The Health Security Act is unique among proposals to restructure the health care system, both because of its scope and its attention to detail. Some critics of the proposal maintain that it is too complex. A major reason for its complexity, however, is that the proposal outlines in legislation the steps that would actually have to be taken to accomplish its goals. No other proposal has come close to attempting this. Other health care proposals might appear equally complex if they provided the same level of detail as the Administration on the implementation requirements.

Questions also arise about the capabilities of new and existing institutions to perform their assigned tasks under the proposal, the ambitious schedule for the development of the necessary infrastructure for the system, and the acceptability and sustainability of the proposed cost control mechanisms. These are very legitimate concerns but, again, they are not peculiar to the Health Security Act. Any proposal attempting to restructure the current health care system would face similar issues.

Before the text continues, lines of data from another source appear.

lemma poly_cayley_transform:
  fixes q :: "'a::field poly"
  assumes "degree q \<le> N" "z \<noteq> 1"
  shows "poly (cayley_transform N q) z = (z - 1) ^ N * poly q ((z + 1) / (z - 1))"
proof -
  have "poly (cayley_transform N q) z = (\<Sum>k\<le>N. coeff q k * ((z + 1) ^ k * (z - 1) ^ (N - k)))"
    by (simp add: cayley_transform_def cayley_basis_def poly_sum add_ac)
  also have "\<dots> = (\<Sum>k\<le>N. (z - 1) ^ N * (coeff q k * ((z + 1) / (z - 1)) ^ k))"
  proof (rule sum.cong[OF refl])
    fix k assume "k \<in> {..N}"
    then have "(z - 1) ^ N = (z - 1) ^ k * (z - 1) ^ (N - k)"
      by (simp flip: power_add)
    with assms(2) show "coeff q k * ((z + 1) ^ k * (z - 1) ^ (N - k))
        = (z - 1) ^ N * (coeff q k * ((z + 1) / (z - 1)) ^ k)"
      by (simp add: power_divide field_simps)
  qed
  also have "\<dots> = (z - 1) ^ N * (\<Sum>k\<le>N. coeff q k * ((z + 1) / (z - 1)) ^ k)"
    by (simp add: sum_distrib_left)
  also have "(\<Sum>k\<le>N. coeff q k * ((z + 1) / (z - 1)) ^ k) = poly q ((z + 1) / (z - 1))"
    unfolding poly_altdef using assms(1)
    by (intro sum.mono_neutral_right) (auto simp: coeff_eq_0)
  finally show ?thesis .
qed

lemma cayley_transform_involution:
  fixes q :: "'a::field_char_0 poly"
  assumes "degree q \<le> N"
  shows "cayley_transform N (cayley_transform N q) = smult (2 ^ N) q"
proof -
  have "poly (cayley_transform N (cayley_transform N q)) z = poly (smult (2 ^ N) q) z"
    if "z \<noteq> 1" for z
  proof -
    define w where "w = (z + 1) / (z - 1)"
    have "w \<noteq> 1"
      using that by (simp add: w_def field_simps)
    have "poly (cayley_transform N (cayley_transform N q)) z
        = (z - 1) ^ N * poly (cayley_transform N q) w"
      unfolding w_def by (rule poly_cayley_transform[OF degree_cayley_transform that])
    also have "poly (cayley_transform N q) w = (w - 1) ^ N * poly q ((w + 1) / (w - 1))"
      by (rule poly_cayley_transform[OF assms \<open>w \<noteq> 1\<close>])
    also have "(w + 1) / (w - 1) = z"
      using that by (simp add: w_def field_simps)
    finally have "poly (cayley_transform N (cayley_transform N q)) z
        = ((z - 1) * (w - 1)) ^ N * poly q z"
      by (simp add: power_mult_distrib)
    also have "(z - 1) * (w - 1) = 2"
      using that by (simp add: w_def field_simps)
    finally show ?thesis by simp
  qed
  then have roots: "UNIV - {1} \<subseteq> {z. poly (cayley_transform N (cayley_transform N q) - smult (2 ^ N) q) z = 0}"
    by auto
  show ?thesis
  proof (rule ccontr)
    assume "\<not> ?thesis"
    then have "finite {z. poly (cayley_transform N (cayley_transform N q) - smult (2 ^ N) q) z = 0}"
      by (intro poly_roots_finite) simp
    with roots have "finite (UNIV - {1 :: 'a})"
      by (rule finite_subset)
    then show False
      by (simp add: infinite_UNIV_char_0)
  qed
qed

lemma plus_one_power_dvd_cayley_transform:
  assumes "\<And>i. i < k \<Longrightarrow> coeff q i = 0"
  shows "[:1, 1:] ^ k dvd cayley_transform N q"
  unfolding cayley_transform_def
proof (intro dvd_sum)
  fix i show "[:1, 1:] ^ k dvd smult (coeff q i) (cayley_basis N i)"
  proof (cases "i < k")
    case False
    then have "[:1, 1:] ^ k dvd ([:1, 1:] ^ i :: 'a poly)"
      by (simp add: le_imp_power_dvd)
    then show ?thesis by (simp add: cayley_basis_def dvd_smult)
  qed (simp add: assms)
qed

lemma minus_one_power_dvd_cayley_transform:
  assumes "\<And>i. N < i + k \<Longrightarrow> coeff q i = 0"
  shows "[:-1, 1:] ^ k dvd cayley_transform N q"
  unfolding cayley_transform_def
proof (intro dvd_sum)
  fix i show "[:-1, 1:] ^ k dvd smult (coeff q i) (cayley_basis N i)"
  proof (cases "N < i + k")
    case False
    then have "[:-1, 1:] ^ k dvd ([:-1, 1:] ^ (N - i) :: 'a poly)"
      by (simp add: le_imp_power_dvd)
    then show ?thesis by (simp add: cayley_basis_def dvd_smult)
  qed (simp add: assms)
qed
(* Let $X$ (valued in $\mathbb R^N$, $\mathbb E(X)=0$) and $Y$ (valued in $\mathbb R^d$) be random vectors such that $\nu=\mathrm{Law}(X,Y)$ has compact support $\mathrm{spt}(\nu)$, and let $\mu$ be the uniform measure on $[0,1]^d$. Consider the dual value $$\inf\Big\{\int\psi\,d\nu+\int_{[0,1]^d}\varphi\,d\mu\Big\}$$ where the infimum is taken over triples $(\psi,\varphi,b)$ with $\psi:\mathrm{spt}(\nu)\to\mathbb R$, $\varphi:[0,1]^d\to\mathbb R$, $b:[0,1]^d\to\mathbb R^N$ satisfying $$\psi(x,y)+\varphi(t)+b(t)\cdot x\ge t\cdot y\quad\text{for all }(x,y)\in\mathrm{spt}(\nu)\text{ and (in case of $L^1$ functions) a.e. }t\in[0,1]^d.$$ Then this infimum is the same in each of the following three cases: (a) $\psi\in C(\mathrm{spt}(\nu))$, $\varphi\in C([0,1]^d)$, $b\in C([0,1]^d;\mathbb R^N)$; (b) $\psi\in C(\mathrm{spt}(\nu))$ and $\varphi,b$ are restrictions to $[0,1]^d$ of $C^\infty$ functions; (c) $\psi$ Borel and $\nu$-integrable, $\varphi\in L^1((0,1)^d)$, $b\in L^1((0,1)^d)^N$. *)

theory Defs
  imports "HOL-Analysis.Analysis" "HOL-Probability.Probability"
begin

text \<open>Support of a measure on a metric space: the set of points all of whose
  open neighbourhoods (balls) have positive measure (= smallest closed set of full measure
  for the finite Borel measures considered here).\<close>
definition spt :: "'a::metric_space measure \<Rightarrow> 'a set" where
  "spt M = {z. \<forall>e>0. emeasure M (ball z e) > 0}"

fun Ck :: "nat \<Rightarrow> ('a::euclidean_space \<Rightarrow> 'b::real_normed_vector) \<Rightarrow> bool" where
  "Ck 0 f = continuous_on UNIV f"
| "Ck (Suc k) f = (\<exists>f'. (\<forall>x. (f has_derivative f' x) (at x)) \<and> (\<forall>v. Ck k (\<lambda>x. f' x v)))"

definition smooth :: "('a::euclidean_space \<Rightarrow> 'b::real_normed_vector) \<Rightarrow> bool" where
  "smooth f = (\<forall>k. Ck k f)"

definition dual_ok ::
  "('x::euclidean_space \<times> 'y::euclidean_space) \<Rightarrow> real \<Rightarrow> real \<Rightarrow> 'x \<Rightarrow> 'y \<Rightarrow> bool" where
  "dual_ok z psiz phit bt t = (psiz + phit + bt \<bullet> fst z \<ge> t \<bullet> snd z)"

definition dual_value_cont ::
  "('x::euclidean_space \<times> 'y::euclidean_space) measure \<Rightarrow> ereal" where
  "dual_value_cont \<nu> = Inf {ereal ((LINT z:spt \<nu>|\<nu>. psi z) + (LINT t:cbox 0 One|lborel. phi t)) |
      psi phi (b :: 'y \<Rightarrow> 'x).
      continuous_on (spt \<nu>) psi \<and> continuous_on (cbox 0 One) phi \<and> continuous_on (cbox 0 One) b \<and>
      (\<forall>z\<in>spt \<nu>. \<forall>t\<in>cbox 0 One. dual_ok z (psi z) (phi t) (b t) t)}"

definition dual_value_smooth ::
  "('x::euclidean_space \<times> 'y::euclidean_space) measure \<Rightarrow> ereal" where
  "dual_value_smooth \<nu> = Inf {ereal ((LINT z:spt \<nu>|\<nu>. psi z) + (LINT t:cbox 0 One|lborel. phi t)) |
      psi phi (b :: 'y \<Rightarrow> 'x).
      continuous_on (spt \<nu>) psi \<and>
      (\<exists>\<Phi>. smooth (\<Phi> :: 'y \<Rightarrow> real) \<and> (\<forall>t\<in>cbox 0 One. phi t = \<Phi> t)) \<and>
      (\<exists>B. smooth (B :: 'y \<Rightarrow> 'x) \<and> (\<forall>t\<in>cbox 0 One. b t = B t)) \<and>
      (\<forall>z\<in>spt \<nu>. \<forall>t\<in>cbox 0 One. dual_ok z (psi z) (phi t) (b t) t)}"

definition dual_value_L1 ::
  "('x::euclidean_space \<times> 'y::euclidean_space) measure \<Rightarrow> ereal" where
  "dual_value_L1 \<nu> = Inf {ereal ((LINT z:spt \<nu>|\<nu>. psi z) + (LINT t:box 0 One|lborel. phi t)) |
      psi phi (b :: 'y \<Rightarrow> 'x).
      psi \<in> borel_measurable borel \<and> integrable \<nu> psi \<and>
      phi \<in> borel_measurable borel \<and> set_integrable lborel (box 0 One) phi \<and>
      b \<in> borel_measurable borel \<and> set_integrable lborel (box 0 One) b \<and>
      (AE t in lborel. t \<in> box 0 One \<longrightarrow> (\<forall>z\<in>spt \<nu>. dual_ok z (psi z) (phi t) (b t) t))}"

end

theory Submission
  imports Defs
begin
(* Let $R$ be a commutative ring containing $\mathbb{Q}$, let $\boldsymbol{a}\in H_R$ with $a_0\in R^*$, and let $\boldsymbol{\lambda}^{(-1)}:=\lambda_{+,0}(\boldsymbol{a})^{(-1)}$. Put $\bar\lambda_i=\boldsymbol{\lambda}^{(-1)}[i]/i!$ for $i\ge1$. Then for all $n\ge0$, $$\boldsymbol{\lambda}^{(-1)}[n+1]=n!\sum_{k=0}^{n}\frac{\boldsymbol{a}^{-1}[k]}{k!}\,B_{n,k}\big(\bar\lambda_1,\dots,\bar\lambda_{n-k+1}\big).$$
   Context: $H_R$ is the set of sequences $\boldsymbol{a}=(a_n)_{n\ge0}$ in $R$, $\boldsymbol{a}[n]=a_n$. $\boldsymbol{a}^{-1}$ is the inverse for the Hurwitz product $(\boldsymbol{a}\star\boldsymbol{b})_n=\sum_{h=0}^n\binom{n}{h}a_hb_{n-h}$ (identity $(1,0,0,\dots)$). For $\boldsymbol{b}$ with $b_0=0$, $\boldsymbol{a}\circ\boldsymbol{b}$ is the sequence whose exponential generating function is $A(B(t))$, where $A(t)=\sum_n a_nt^n/n!$, $B(t)=\sum_n b_nt^n/n!$; its identity is $(0,1,0,\dots)$ and $\boldsymbol{c}^{(-1)}$ denotes the $\circ$-inverse (which exists iff $c_0=0$, $c_1\in R^*$). $\lambda_{+,0}(a_0,a_1,\dots)=(0,a_0,a_1,\dots)$. The partial ordinary Bell polynomials $B_{n,k}$ are defined by $B_{0,0}=1$, $B_{n,0}=0$ ($n\ge1$), $B_{0,k}=0$ ($k\ge1$), and $\big(\sum_{n\ge1}y_nz^n\big)^k=\sum_{n\ge k}B_{n,k}(y_1,\dots,y_{n-k+1})z^n$. *)

theory Defs
  imports "HOL-Computational_Algebra.Formal_Power_Series"
begin

(* Sequences in H_R are functions nat => 'a. *)

definition rinv :: "'a::comm_ring_1 \<Rightarrow> 'a" where
  "rinv x = (THE y. x * y = 1)"

definition hprod :: "(nat \<Rightarrow> 'a::comm_ring_1) \<Rightarrow> (nat \<Rightarrow> 'a) \<Rightarrow> nat \<Rightarrow> 'a" where
  "hprod a b n = (\<Sum>h = 0..n. of_nat (n choose h) * a h * b (n - h))"

definition hone :: "nat \<Rightarrow> 'a::comm_ring_1" where
  "hone n = (if n = 0 then 1 else 0)"

definition hinv :: "(nat \<Rightarrow> 'a::comm_ring_1) \<Rightarrow> nat \<Rightarrow> 'a" where
  "hinv a = (THE b. hprod a b = hone \<and> hprod b a = hone)"

(* exponential generating function (R contains Q, so 1/n! makes sense) *)
definition egf :: "(nat \<Rightarrow> 'a::comm_ring_1) \<Rightarrow> 'a fps" where
  "egf a = Abs_fps (\<lambda>n. a n * rinv (of_nat (fact n)))"

definition hcomp :: "(nat \<Rightarrow> 'a::comm_ring_1) \<Rightarrow> (nat \<Rightarrow> 'a) \<Rightarrow> nat \<Rightarrow> 'a" where
  "hcomp a b n = of_nat (fact n) * fps_nth (egf a oo egf b) n"

definition hcid :: "nat \<Rightarrow> 'a::comm_ring_1" where
  "hcid n = (if n = 1 then 1 else 0)"

definition hcinv :: "(nat \<Rightarrow> 'a::comm_ring_1) \<Rightarrow> nat \<Rightarrow> 'a" where
  "hcinv c = (THE d. d 0 = 0 \<and> hcomp c d = hcid \<and> hcomp d c = hcid)"

(* lambda_{+,0}(a_0,a_1,...) = (0,a_0,a_1,...) *)
definition lshift :: "(nat \<Rightarrow> 'a::zero) \<Rightarrow> nat \<Rightarrow> 'a" where
  "lshift a n = (if n = 0 then 0 else a (n - 1))"

(* partial ordinary Bell polynomial B_{n,k}(y_1,...,y_{n-k+1}):
   coefficient of z^n in (sum_{i>=1} y_i z^i)^k *)
definition obell :: "nat \<Rightarrow> nat \<Rightarrow> (nat \<Rightarrow> 'a::comm_ring_1) \<Rightarrow> 'a" where
  "obell n k y = fps_nth (Abs_fps (\<lambda>i. if i = 0 then 0 else y i) ^ k) n"

end
(* Fix an arbitrary execution of Algorithm $\mathrm{tree}(G)$ on $G$, and let $r$, $U$ and $F$ be as defined in the context. If $uv$ is an edge of $G$ with $u\in U$ and $d_F(v)=1$, then $r(u)>r(v)$.
   Context: $G$ is a finite connected simple undirected graph containing a vertex $a$ with $d_G(a)\ge 2$. For a subtree $T$ of $G$ and a vertex $u$ of $T$: - $V_T(u)$ is the set of vertices $v\in V(G)\setminus V(T)$ with $uv\in E(G)$. - $E_T(u)$ is the set of edges $uv$ of $G$ with $v\in V_T(u)$. - If $|V_T(u)|=1$, then $v_T(u)$ denotes the unique vertex of $V_T(u)$. Three sets of vertices of $T$ are defined: - $W_2(T)=\{u\in V(T): |V_T(u)|\ge 2\}$. - $W_1(T)=\{u\in V(T): |V_T(u)|=1,\ |V_{T\cup E_T(u)}(v_T(u))|\ge 2\}$. - $W_0(T)=\{u\in V(T): |V_T(u)|=1,\ |V_{T\cup E_T(u)}(v_T(u))|\le 1\}$. Algorithm $\mathrm{tree}(G)$ runs as follows. 1. Start with $T=\{a\}$. 2. While $V(T)\ne V(G)$: - If $W_2(T)\ne\emptyset$, pick an arbitrary $u\in W_2(T)$. - Else, if $W_1(T)\neq\emptyset$, pick an arbitrary $u\in W_1(T)$. - Else, let $u$ be the vertex of $W_0(T)$ that joined $V(T)$ most recently. - Set $T:=T\cup E_T(u)$ ("expand $T$ at $u$"). 3. Return $T$. Now fix an execution and let $T$ be the returned spanning tree, rooted at $a$. For $v\ne a$, let $p(v)$ be the parent of $v$ in $T$. For each vertex $u$ with $d_T(u)\ge 2$, let $T_u$ be the tree just before the (unique) expansion at $u$. The rank $r:V(G)\to\mathbb{Z}$ is defined by $r(a)=1$ and, for each edge $uv$ of $T$ with $u=p(v)$: - $r(v)=r(u)$ if $u\in W_2(T_u)$; - $r(v)=1+\max_{w\in V(T_u)} r(w)$ otherwise. $U$ is the set of vertices $v$ such that no other vertex has rank $r(v)$. $F$ is the spanning forest obtained from $T$ by deleting every edge $uv$ with $r(u)\ne r(v)$, and $d_F(v)$ denotes the degree of $v$ in $F$. *)

theory Defs
  imports Main
begin

definition simple_graph :: "'a set \<Rightarrow> ('a \<Rightarrow> 'a \<Rightarrow> bool) \<Rightarrow> bool" where
  "simple_graph V E \<longleftrightarrow> finite V \<and> (\<forall>u v. E u v \<longrightarrow> u \<in> V \<and> v \<in> V)
     \<and> (\<forall>u v. E u v \<longrightarrow> E v u) \<and> (\<forall>u. \<not> E u u)"

definition graph_connected :: "'a set \<Rightarrow> ('a \<Rightarrow> 'a \<Rightarrow> bool) \<Rightarrow> bool" where
  "graph_connected V E \<longleftrightarrow> V \<noteq> {} \<and> (\<forall>u\<in>V. \<forall>v\<in>V. E\<^sup>*\<^sup>* u v)"

text \<open>V_T(u), where S is the vertex set of the current tree T.\<close>
definition Vout :: "'a set \<Rightarrow> ('a \<Rightarrow> 'a \<Rightarrow> bool) \<Rightarrow> 'a set \<Rightarrow> 'a \<Rightarrow> 'a set" where
  "Vout V E S u = {v \<in> V. v \<notin> S \<and> E u v}"

definition W2 :: "'a set \<Rightarrow> ('a \<Rightarrow> 'a \<Rightarrow> bool) \<Rightarrow> 'a set \<Rightarrow> 'a set" where
  "W2 V E S = {u \<in> S. card (Vout V E S u) \<ge> 2}"

definition W1 :: "'a set \<Rightarrow> ('a \<Rightarrow> 'a \<Rightarrow> bool) \<Rightarrow> 'a set \<Rightarrow> 'a set" where
  "W1 V E S = {u \<in> S. card (Vout V E S u) = 1 \<and>
     card (Vout V E (S \<union> Vout V E S u) (the_elem (Vout V E S u))) \<ge> 2}"

definition W0 :: "'a set \<Rightarrow> ('a \<Rightarrow> 'a \<Rightarrow> bool) \<Rightarrow> 'a set \<Rightarrow> 'a set" where
  "W0 V E S = {u \<in> S. card (Vout V E S u) = 1 \<and>
     card (Vout V E (S \<union> Vout V E S u) (the_elem (Vout V E S u))) \<le> 1}"

text \<open>An execution is recorded as the list us of vertices at which the tree was
  expanded, in order. tstate V E a us i is the vertex set of the tree after the
  first i expansions (so tstate ... 0 = {a}).\<close>
definition tstate :: "'a set \<Rightarrow> ('a \<Rightarrow> 'a \<Rightarrow> bool) \<Rightarrow> 'a \<Rightarrow> 'a list \<Rightarrow> nat \<Rightarrow> 'a set" where
  "tstate V E a us i = foldl (\<lambda>S u. S \<union> Vout V E S u) {a} (take i us)"

definition jtime :: "'a set \<Rightarrow> ('a \<Rightarrow> 'a \<Rightarrow> bool) \<Rightarrow> 'a \<Rightarrow> 'a list \<Rightarrow> 'a \<Rightarrow> nat" where
  "jtime V E a us x = (LEAST j. x \<in> tstate V E a us j)"

definition valid_exec :: "'a set \<Rightarrow> ('a \<Rightarrow> 'a \<Rightarrow> bool) \<Rightarrow> 'a \<Rightarrow> 'a list \<Rightarrow> bool" where
  "valid_exec V E a us \<longleftrightarrow>
     (\<forall>i < length us. let S = tstate V E a us i; u = us ! i in
        S \<noteq> V \<and>
        (if W2 V E S \<noteq> {} then u \<in> W2 V E S
         else if W1 V E S \<noteq> {} then u \<in> W1 V E S
         else u \<in> W0 V E S \<and> (\<forall>w \<in> W0 V E S. jtime V E a us w \<le> jtime V E a us u)))
     \<and> tstate V E a us (length us) = V"

definition tree_edge :: "'a set \<Rightarrow> ('a \<Rightarrow> 'a \<Rightarrow> bool) \<Rightarrow> 'a \<Rightarrow> 'a list \<Rightarrow> 'a \<Rightarrow> 'a \<Rightarrow> bool" where
  "tree_edge V E a us x y \<longleftrightarrow> (\<exists>i < length us.
      (x = us ! i \<and> y \<in> Vout V E (tstate V E a us i) x) \<or>
      (y = us ! i \<and> x \<in> Vout V E (tstate V E a us i) y))"

text \<open>r is the rank function of the execution (the defining equations determine it uniquely).\<close>
definition is_rank :: "'a set \<Rightarrow> ('a \<Rightarrow> 'a \<Rightarrow> bool) \<Rightarrow> 'a \<Rightarrow> 'a list \<Rightarrow> ('a \<Rightarrow> int) \<Rightarrow> bool" where
  "is_rank V E a us r \<longleftrightarrow> r a = 1 \<and>
     (\<forall>i < length us. \<forall>v \<in> Vout V E (tstate V E a us i) (us ! i).
        r v = (if us ! i \<in> W2 V E (tstate V E a us i) then r (us ! i)
               else 1 + Max (r ` tstate V E a us i)))"

definition rankU :: "'a set \<Rightarrow> ('a \<Rightarrow> int) \<Rightarrow> 'a set" where
  "rankU V r = {v \<in> V. \<forall>w \<in> V. w \<noteq> v \<longrightarrow> r w \<noteq> r v}"

text \<open>Degree in the forest F (tree edges joining vertices of equal rank).\<close>
definition degF :: "'a set \<Rightarrow> ('a \<Rightarrow> 'a \<Rightarrow> bool) \<Rightarrow> 'a \<Rightarrow> 'a list \<Rightarrow> ('a \<Rightarrow> int) \<Rightarrow> 'a \<Rightarrow> nat" where
  "degF V E a us r v = card {w \<in> V. tree_edge V E a us v w \<and> r w = r v}"

end

theory Submission
  imports Defs
begin

(* A vertex u of unique rank is never involved in an expansion at a vertex of W2, since
   such an expansion gives the expanded vertex and its children the same rank. So u entered
   the tree as the only child of an expansion performed while W2 was empty, with a rank
   exceeding those of all vertices already present; this settles every neighbour v of u
   that was in the tree before u.
   Otherwise v becomes the only child of u in the very next expansion: W2 is still empty,
   W1 can contain at most u, and among the vertices of W0 u joined most recently. Then either
   v has at least two outside neighbours, lies alone in W2 and is expanded immediately, so
   d_F(v) >= 2; or v never enters W2, has a rank above that of its parent u, and is
   isolated in F. *)

lemma tstate_0 [simp]: "tstate V E a us 0 = {a}"
  by (simp add: tstate_def)

lemma tstate_Suc:
  "i < length us \<Longrightarrow> tstate V E a us (Suc i) = tstate V E a us i \<union> Vout V E (tstate V E a us i) (us ! i)"
  by (simp add: tstate_def take_Suc_conv_app_nth)

lemma tstate_beyond: "length us \<le> i \<Longrightarrow> tstate V E a us i = tstate V E a us (length us)"
  by (simp add: tstate_def)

The ramifications of systemic changes to the health care system are quite uncertain; even the outcomes of incremental changes are difficult to predict. As the Congress considers the Administration's proposal and alternatives, both comprehensive and incremental, the inherent uncertainties of change must be weighed against the detrimental consequences of the current system--increasing numbers of people who lack the security of insurance coverage for health care and the rapidly rising costs of that care.